По привычке Харви возился с застежкой своей деревянной конечности. Протез расщепился…
Да, Харви долго обдумывал убийство Алкмунда Кранвелльского, но это не было низменное, греховное желание, удерживаемое глубоко в самых темных уголках его сознания. Его целью было убрать этого человека и лишить его власти. Теперь же он лишь защищался от неминуемой смерти.
Перекрестившись и перекрестив тело на снегу, он пробормотал подходящие случаю слова и закрыл уставившиеся в серо-голубое небо голубые глаза. Затем отвернулся, и его рвало до тех пор, пока желудок не начал болеть так же сильно, как и все остальное избитое тело.
Когда он пришел в себя, то вытащил нож из протеза; деревяшку необходимо будет сменить, как только он найдет плотника, который сделает новый.

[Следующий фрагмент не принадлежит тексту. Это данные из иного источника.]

lemma length_ordered_set_partition_le:
  assumes "bs \<in> ordered_set_partitions S" "finite S"
  shows "length bs \<le> card S"
proof -
  define f where "f k = (SOME v. v \<in> bs ! k)" for k
  have f: "f k \<in> bs ! k" if "k < length bs" for k
    unfolding f_def using ordered_set_partitions_nonempty[OF assms(1) that] by (simp add: some_in_eq)
  have "inj_on f {..<length bs}"
  proof (rule inj_onI)
    fix i j assume "i \<in> {..<length bs}" "j \<in> {..<length bs}" "f i = f j"
    thus "i = j" using f[of i] f[of j] ordered_set_partitions_disjoint[OF assms(1), of i j] by auto
  qed
  moreover have "f ` {..<length bs} \<subseteq> S" using f ordered_set_partitions_subset[OF assms(1)] by auto
  ultimately show ?thesis using card_inj_on_le[OF _ _ assms(2)] by fastforce
qed

lemma finite_ordered_set_partitions:
  assumes "finite S"
  shows "finite (ordered_set_partitions S)"
proof (rule finite_subset)
  show "ordered_set_partitions S \<subseteq> {xs. set xs \<subseteq> Pow S \<and> length xs \<le> card S}"
    using length_ordered_set_partition_le[OF _ assms]
    by (auto simp: ordered_set_partitions_def)
  show "finite {xs. set xs \<subseteq> Pow S \<and> length xs \<le> card S}"
    using finite_lists_length_le[of "Pow S"] assms by simp
qed

definition block_index :: "'a set list \<Rightarrow> 'a \<Rightarrow> nat" where
  "block_index bs v = (THE j. j < length bs \<and> v \<in> bs ! j)"

lemma block_index_eqI:
  assumes "bs \<in> ordered_set_partitions S" "j < length bs" "v \<in> bs ! j"
  shows "block_index bs v = j"
  unfolding block_index_def
proof (rule the_equality)
  show "j < length bs \<and> v \<in> bs ! j" using assms by blast
  fix j' assume "j' < length bs \<and> v \<in> bs ! j'"
  thus "j' = j" using ordered_set_partitions_disjoint[OF assms(1)] assms by blast
qed

lemma block_index_less:
  "bs \<in> ordered_set_partitions S \<Longrightarrow> v \<in> S \<Longrightarrow> block_index bs v < length bs"
  using ordered_set_partitions_cover block_index_eqI by metis

lemma in_block_index:
  "bs \<in> ordered_set_partitions S \<Longrightarrow> v \<in> S \<Longrightarrow> v \<in> bs ! block_index bs v"
  using ordered_set_partitions_cover block_index_eqI by metis

lemma block_index_eq_iff:
  assumes "bs \<in> ordered_set_partitions S" "j < length bs"
  shows "v \<in> S \<and> block_index bs v = j \<longleftrightarrow> v \<in> bs ! j"
  using in_block_index[OF assms(1)] block_index_eqI[OF assms]
    ordered_set_partitions_subset[OF assms] by auto

lemma card_blocks_union:
  assumes "bs \<in> ordered_set_partitions S" "finite S" "K \<subseteq> {..<length bs}"
  shows "card {w\<in>S. block_index bs w \<in> K} = (\<Sum>k\<in>K. card (bs ! k))"
proof -
  have "{w\<in>S. block_index bs w \<in> K} = (\<Union>k\<in>K. bs ! k)"
  proof (intro set_eqI iffI)
    fix w assume "w \<in> {w\<in>S. block_index bs w \<in> K}"
    thus "w \<in> (\<Union>k\<in>K. bs ! k)" using in_block_index[OF assms(1)] by blast
  next
    fix w assume "w \<in> (\<Union>k\<in>K. bs ! k)"
    then obtain k where "k \<in> K" "w \<in> bs ! k" by blast
    thus "w \<in> {w\<in>S. block_index bs w \<in> K}"
      using block_index_eq_iff[OF assms(1), of k w] assms(3) by auto
  qed
  moreover have "card (\<Union>k\<in>K. bs ! k) = (\<Sum>k\<in>K. card (bs ! k))"
  proof (rule card_UN_disjoint)
    show "finite K" using assms(3) finite_subset by blast
    show "\<forall>k\<in>K. finite (bs ! k)"
      using assms ordered_set_partitions_subset[OF assms(1)] finite_subset by blast
    show "\<forall>k\<in>K. \<forall>j\<in>K. k \<noteq> j \<longrightarrow> bs ! k \<inter> bs ! j = {}"
      using assms ordered_set_partitions_disjoint[OF assms(1)] by blast
  qed
  ultimately show ?thesis by simp
qed

section \<open>Normal configurations and gap vectors\<close>

definition gap_vectors :: "'a set list \<Rightarrow> (nat \<Rightarrow> int) set" where
  "gap_vectors bs =
     (\<Pi>\<^sub>E i\<in>{1..<length bs}. {1..int (card (bs ! (i - 1))) + int (card (bs ! i)) - 1})"

definition height :: "(nat \<Rightarrow> int) \<Rightarrow> nat \<Rightarrow> int" where
  "height h j = (\<Sum>i\<in>{1..j}. h i)"

lemma height_0 [simp]: "height h 0 = 0"
  by (simp add: height_def)

lemma height_Suc: "height h (Suc j) = height h j + h (Suc j)"
  by (simp add: height_def)

lemma gap_vectors_bounds:
  assumes "h \<in> gap_vectors bs" "1 \<le> k" "k < length bs"
  shows "1 \<le> h k" "h k < int (card (bs ! (k - 1))) + int (card (bs ! k))"
  using PiE_mem[OF assms(1)[unfolded gap_vectors_def], of k] assms(2,3) by auto

lemma height_strict_mono:
  assumes "h \<in> gap_vectors bs" "j < j'" "j' < length bs"
  shows "height h j < height h j'"
  using assms(2,3)
proof (induction j')
  case (Suc j')
  have "1 \<le> h (Suc j')" using gap_vectors_bounds(1)[OF assms(1), of "Suc j'"] Suc.prems by simp
  moreover have "height h j \<le> height h j'" using Suc by (cases "j = j'") auto
  ultimately show ?case by (simp add: height_Suc)
qed simp

lemma height_less_iff:
  assumes "h \<in> gap_vectors bs" "j < length bs" "j' < length bs"
  shows "height h j < height h j' \<longleftrightarrow> j < j'"
  using height_strict_mono[OF assms(1) _ assms(2)] height_strict_mono[OF assms(1) _ assms(3)]
  by (metis less_asym linorder_neqE_nat)

lemma height_le_iff:
  assumes "h \<in> gap_vectors bs" "j < length bs" "j' < length bs"
  shows "height h j \<le> height h j' \<longleftrightarrow> j \<le> j'"
  using height_less_iff[OF assms(1) assms(3) assms(2)] by (simp add: not_less[symmetric])

lemma height_gap:
  assumes "h \<in> gap_vectors bs" "i < j" "j < length bs"
  shows "height h j - height h i + int (j - i) \<le>
     (\<Sum>k\<in>{i..<j}. int (card (bs ! k))) + (\<Sum>k\<in>{Suc i..j}. int (card (bs ! k)))"
  using assms(2,3)
proof (induction j)
  case (Suc j)
  have "h (Suc j) < int (card (bs ! j)) + int (card (bs ! Suc j))"
    using gap_vectors_bounds(2)[OF assms(1), of "Suc j"] Suc.prems by simp
  moreover have "i < j \<Longrightarrow> height h j - height h i + int (j - i) \<le>
     (\<Sum>k\<in>{i..<j}. int (card (bs ! k))) + (\<Sum>k\<in>{Suc i..j}. int (card (bs ! k)))"
    using Suc by simp
  ultimately show ?case using Suc.prems by (cases "j = i") (auto simp: height_Suc of_nat_diff)
qed simp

Трясущимися от холода и шока руками он пристегнул его на место. Расщепленный протез не был достаточно прочным, чтобы дать Харви возможность оттащить куда-нибудь тело.
Свист заставил его жеребца выбежать рысью из-за деревьев, уши его были навострены.
Харви развязал свой веревочный пояс, снял пояс также с трупа и связал их вместе. Затем он соединил запястья Алкмунда, обмотал вокруг них веревку и привязал другой конец веревки к седлу. Успокаивая себя, а также и жеребца, он поставил в стремя свою здоровую ногу и взобрался на лошадь. Потом он свернул в лес, а тело Алкмунда тащилось и ударялось позади него.
Он натянул поводья в глуши, где-то в двух милях от дороги; там он разрезал веревку ножом Алкмунда. Спешившись, он направился в самую глубокую, в самую темную сень деревьев и низких кустов, пока, наконец, его совсем не стало видно. Лесу теперь досталась еще одна жертва — но тем самым он стал более безопасным местом.
С тяжелыми мыслями, но с грузом, свалившимся с сердца, Харви ехал на свет, с каждым шагом жеребца выводящий из леса.
ГЛАВА 36
— Ваша внучка? — Иоанн был просто ошеломлен. Он рассмеялся и помахал рукой, словно бы отгонял муху. — Я в это не верю!
Он оглядел своих лордов и баронов, рассмеявшихся вместе с ним.
От их веселья Томас Стаффорд покраснел, но от злости, а не досады.
— Сир, это правда. У меня есть как минимум один тому свидетель, но могут быть найдены и другие. Сама девушка признает себя моей кровинкой.
Томас последовал за королевским двором в Кентербери на пасхальный праздник, надеясь на аудиенцию короля, и его упорная настойчивость в том, что он не сдвинется с места в королевских покоях, пока не получит аудиенции, принесла результат. Иоанн согласился принять его. То, что это было сделано лишь для того, чтобы от него избавиться, совсем не волновало Томаса. То, что он хотел сказать, принесет ему требуемое внимание.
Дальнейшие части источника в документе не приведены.